EXERCISE BRIEF: Copy each of the records exactly; leave nothing out.

INPUT DATA section start

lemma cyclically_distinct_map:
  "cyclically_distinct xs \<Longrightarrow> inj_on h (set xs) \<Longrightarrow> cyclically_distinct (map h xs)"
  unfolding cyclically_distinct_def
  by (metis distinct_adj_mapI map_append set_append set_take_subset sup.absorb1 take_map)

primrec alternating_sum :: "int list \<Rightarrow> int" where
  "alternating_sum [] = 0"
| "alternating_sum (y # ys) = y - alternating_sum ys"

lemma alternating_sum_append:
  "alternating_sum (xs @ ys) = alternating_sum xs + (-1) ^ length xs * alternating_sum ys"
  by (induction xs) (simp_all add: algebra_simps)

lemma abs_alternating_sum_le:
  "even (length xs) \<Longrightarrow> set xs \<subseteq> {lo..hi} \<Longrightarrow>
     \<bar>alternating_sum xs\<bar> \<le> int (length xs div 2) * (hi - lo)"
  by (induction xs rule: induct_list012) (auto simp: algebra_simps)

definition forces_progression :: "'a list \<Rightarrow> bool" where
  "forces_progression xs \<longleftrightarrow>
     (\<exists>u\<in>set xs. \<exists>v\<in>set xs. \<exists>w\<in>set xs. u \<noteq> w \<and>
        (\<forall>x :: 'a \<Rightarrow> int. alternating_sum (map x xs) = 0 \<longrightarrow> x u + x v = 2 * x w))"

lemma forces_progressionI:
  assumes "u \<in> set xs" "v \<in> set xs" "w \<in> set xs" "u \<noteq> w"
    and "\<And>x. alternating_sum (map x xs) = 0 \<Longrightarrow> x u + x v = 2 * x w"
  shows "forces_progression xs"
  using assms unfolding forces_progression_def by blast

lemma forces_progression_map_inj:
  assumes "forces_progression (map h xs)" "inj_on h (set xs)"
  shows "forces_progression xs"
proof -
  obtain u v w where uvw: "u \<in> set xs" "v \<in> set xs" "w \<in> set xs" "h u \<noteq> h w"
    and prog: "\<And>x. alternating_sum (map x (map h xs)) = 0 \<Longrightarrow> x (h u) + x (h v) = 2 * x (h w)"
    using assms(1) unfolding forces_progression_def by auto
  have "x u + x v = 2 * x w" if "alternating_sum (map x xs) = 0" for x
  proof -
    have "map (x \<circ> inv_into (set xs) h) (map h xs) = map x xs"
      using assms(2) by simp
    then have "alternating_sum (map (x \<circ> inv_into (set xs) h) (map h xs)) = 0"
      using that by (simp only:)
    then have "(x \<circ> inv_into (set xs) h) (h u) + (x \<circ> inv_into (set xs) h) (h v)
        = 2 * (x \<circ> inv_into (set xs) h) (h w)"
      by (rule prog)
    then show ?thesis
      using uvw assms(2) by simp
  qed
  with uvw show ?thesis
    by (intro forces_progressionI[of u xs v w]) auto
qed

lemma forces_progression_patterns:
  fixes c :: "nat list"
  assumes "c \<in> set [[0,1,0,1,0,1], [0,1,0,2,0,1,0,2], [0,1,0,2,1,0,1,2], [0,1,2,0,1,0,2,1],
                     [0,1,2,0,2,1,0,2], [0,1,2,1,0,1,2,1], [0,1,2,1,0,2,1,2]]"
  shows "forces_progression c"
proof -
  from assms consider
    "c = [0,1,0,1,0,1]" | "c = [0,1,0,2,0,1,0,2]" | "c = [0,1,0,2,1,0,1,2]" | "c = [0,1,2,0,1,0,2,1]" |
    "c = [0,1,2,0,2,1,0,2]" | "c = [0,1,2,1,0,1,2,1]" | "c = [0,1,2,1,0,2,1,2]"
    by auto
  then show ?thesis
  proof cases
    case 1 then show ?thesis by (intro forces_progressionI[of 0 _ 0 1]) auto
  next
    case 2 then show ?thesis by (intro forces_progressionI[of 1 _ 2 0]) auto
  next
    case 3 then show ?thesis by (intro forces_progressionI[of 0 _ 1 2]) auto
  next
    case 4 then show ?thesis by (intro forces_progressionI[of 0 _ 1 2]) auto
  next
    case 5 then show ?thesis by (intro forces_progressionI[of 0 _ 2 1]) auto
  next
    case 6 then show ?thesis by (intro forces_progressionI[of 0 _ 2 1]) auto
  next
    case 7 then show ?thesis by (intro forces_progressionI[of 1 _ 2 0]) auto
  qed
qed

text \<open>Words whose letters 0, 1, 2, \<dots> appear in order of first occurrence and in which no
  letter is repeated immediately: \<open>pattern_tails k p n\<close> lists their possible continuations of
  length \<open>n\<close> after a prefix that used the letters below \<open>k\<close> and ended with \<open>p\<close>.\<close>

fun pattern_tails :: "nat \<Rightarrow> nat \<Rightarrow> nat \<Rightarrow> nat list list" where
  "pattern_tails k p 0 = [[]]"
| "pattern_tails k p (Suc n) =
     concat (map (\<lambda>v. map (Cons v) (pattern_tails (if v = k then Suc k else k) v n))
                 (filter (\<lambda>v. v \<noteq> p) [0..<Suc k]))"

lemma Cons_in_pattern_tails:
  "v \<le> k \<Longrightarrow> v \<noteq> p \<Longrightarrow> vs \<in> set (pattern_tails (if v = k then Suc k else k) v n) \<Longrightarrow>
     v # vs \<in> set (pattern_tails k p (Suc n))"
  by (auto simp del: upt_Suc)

INPUT DATA section end

SOLUTION FOR THIS PROBLEM:
lemma cyclically_distinct_map:
  "cyclically_distinct xs \<Longrightarrow> inj_on h (set xs) \<Longrightarrow> cyclically_distinct (map h xs)"
  unfolding cyclically_distinct_def
  by (metis distinct_adj_mapI map_append set_append set_take_subset sup.absorb1 take_map)

primrec alternating_sum :: "int list \<Rightarrow> int" where
  "alternating_sum [] = 0"
| "alternating_sum (y # ys) = y - alternating_sum ys"

lemma alternating_sum_append:
  "alternating_sum (xs @ ys) = alternating_sum xs + (-1) ^ length xs * alternating_sum ys"
  by (induction xs) (simp_all add: algebra_simps)

lemma abs_alternating_sum_le:
  "even (length xs) \<Longrightarrow> set xs \<subseteq> {lo..hi} \<Longrightarrow>
     \<bar>alternating_sum xs\<bar> \<le> int (length xs div 2) * (hi - lo)"
  by (induction xs rule: induct_list012) (auto simp: algebra_simps)

definition forces_progression :: "'a list \<Rightarrow> bool" where
  "forces_progression xs \<longleftrightarrow>
     (\<exists>u\<in>set xs. \<exists>v\<in>set xs. \<exists>w\<in>set xs. u \<noteq> w \<and>
        (\<forall>x :: 'a \<Rightarrow> int. alternating_sum (map x xs) = 0 \<longrightarrow> x u + x v = 2 * x w))"

lemma forces_progressionI:
  assumes "u \<in> set xs" "v \<in> set xs" "w \<in> set xs" "u \<noteq> w"
    and "\<And>x. alternating_sum (map x xs) = 0 \<Longrightarrow> x u + x v = 2 * x w"
  shows "forces_progression xs"
  using assms unfolding forces_progression_def by blast

lemma forces_progression_map_inj:
  assumes "forces_progression (map h xs)" "inj_on h (set xs)"
  shows "forces_progression xs"
proof -
  obtain u v w where uvw: "u \<in> set xs" "v \<in> set xs" "w \<in> set xs" "h u \<noteq> h w"
    and prog: "\<And>x. alternating_sum (map x (map h xs)) = 0 \<Longrightarrow> x (h u) + x (h v) = 2 * x (h w)"
    using assms(1) unfolding forces_progression_def by auto
  have "x u + x v = 2 * x w" if "alternating_sum (map x xs) = 0" for x
  proof -
    have "map (x \<circ> inv_into (set xs) h) (map h xs) = map x xs"
      using assms(2) by simp
    then have "alternating_sum (map (x \<circ> inv_into (set xs) h) (map h xs)) = 0"
      using that by (simp only:)
    then have "(x \<circ> inv_into (set xs) h) (h u) + (x \<circ> inv_into (set xs) h) (h v)
        = 2 * (x \<circ> inv_into (set xs) h) (h w)"
      by (rule prog)
    then show ?thesis
      using uvw assms(2) by simp
  qed
  with uvw show ?thesis
    by (intro forces_progressionI[of u xs v w]) auto
qed

lemma forces_progression_patterns:
  fixes c :: "nat list"
  assumes "c \<in> set [[0,1,0,1,0,1], [0,1,0,2,0,1,0,2], [0,1,0,2,1,0,1,2], [0,1,2,0,1,0,2,1],
                     [0,1,2,0,2,1,0,2], [0,1,2,1,0,1,2,1], [0,1,2,1,0,2,1,2]]"
  shows "forces_progression c"
proof -
  from assms consider
    "c = [0,1,0,1,0,1]" | "c = [0,1,0,2,0,1,0,2]" | "c = [0,1,0,2,1,0,1,2]" | "c = [0,1,2,0,1,0,2,1]" |
    "c = [0,1,2,0,2,1,0,2]" | "c = [0,1,2,1,0,1,2,1]" | "c = [0,1,2,1,0,2,1,2]"
    by auto
  then show ?thesis
  proof cases
    case 1 then show ?thesis by (intro forces_progressionI[of 0 _ 0 1]) auto
  next
    case 2 then show ?thesis by (intro forces_progressionI[of 1 _ 2 0]) auto
  next
    case 3 then show ?thesis by (intro forces_progressionI[of 0 _ 1 2]) auto
  next
    case 4 then show ?thesis by (intro forces_progressionI[of 0 _ 1 2]) auto
  next
    case 5 then show ?thesis by (intro forces_progressionI[of 0 _ 2 1]) auto
  next
    case 6 then show ?thesis by (intro forces_progressionI[of 0 _ 2 1]) auto
  next
    case 7 then show ?thesis by (intro forces_progressionI[of 1 _ 2 0]) auto
  qed
qed

text \<open>Words whose letters 0, 1, 2, \<dots> appear in order of first occurrence and in which no
  letter is repeated immediately: \<open>pattern_tails k p n\<close> lists their possible continuations of
  length \<open>n\<close> after a prefix that used the letters below \<open>k\<close> and ended with \<open>p\<close>.\<close>

fun pattern_tails :: "nat \<Rightarrow> nat \<Rightarrow> nat \<Rightarrow> nat list list" where
  "pattern_tails k p 0 = [[]]"
| "pattern_tails k p (Suc n) =
     concat (map (\<lambda>v. map (Cons v) (pattern_tails (if v = k then Suc k else k) v n))
                 (filter (\<lambda>v. v \<noteq> p) [0..<Suc k]))"

lemma Cons_in_pattern_tails:
  "v \<le> k \<Longrightarrow> v \<noteq> p \<Longrightarrow> vs \<in> set (pattern_tails (if v = k then Suc k else k) v n) \<Longrightarrow>
     v # vs \<in> set (pattern_tails k p (Suc n))"
  by (auto simp del: upt_Suc)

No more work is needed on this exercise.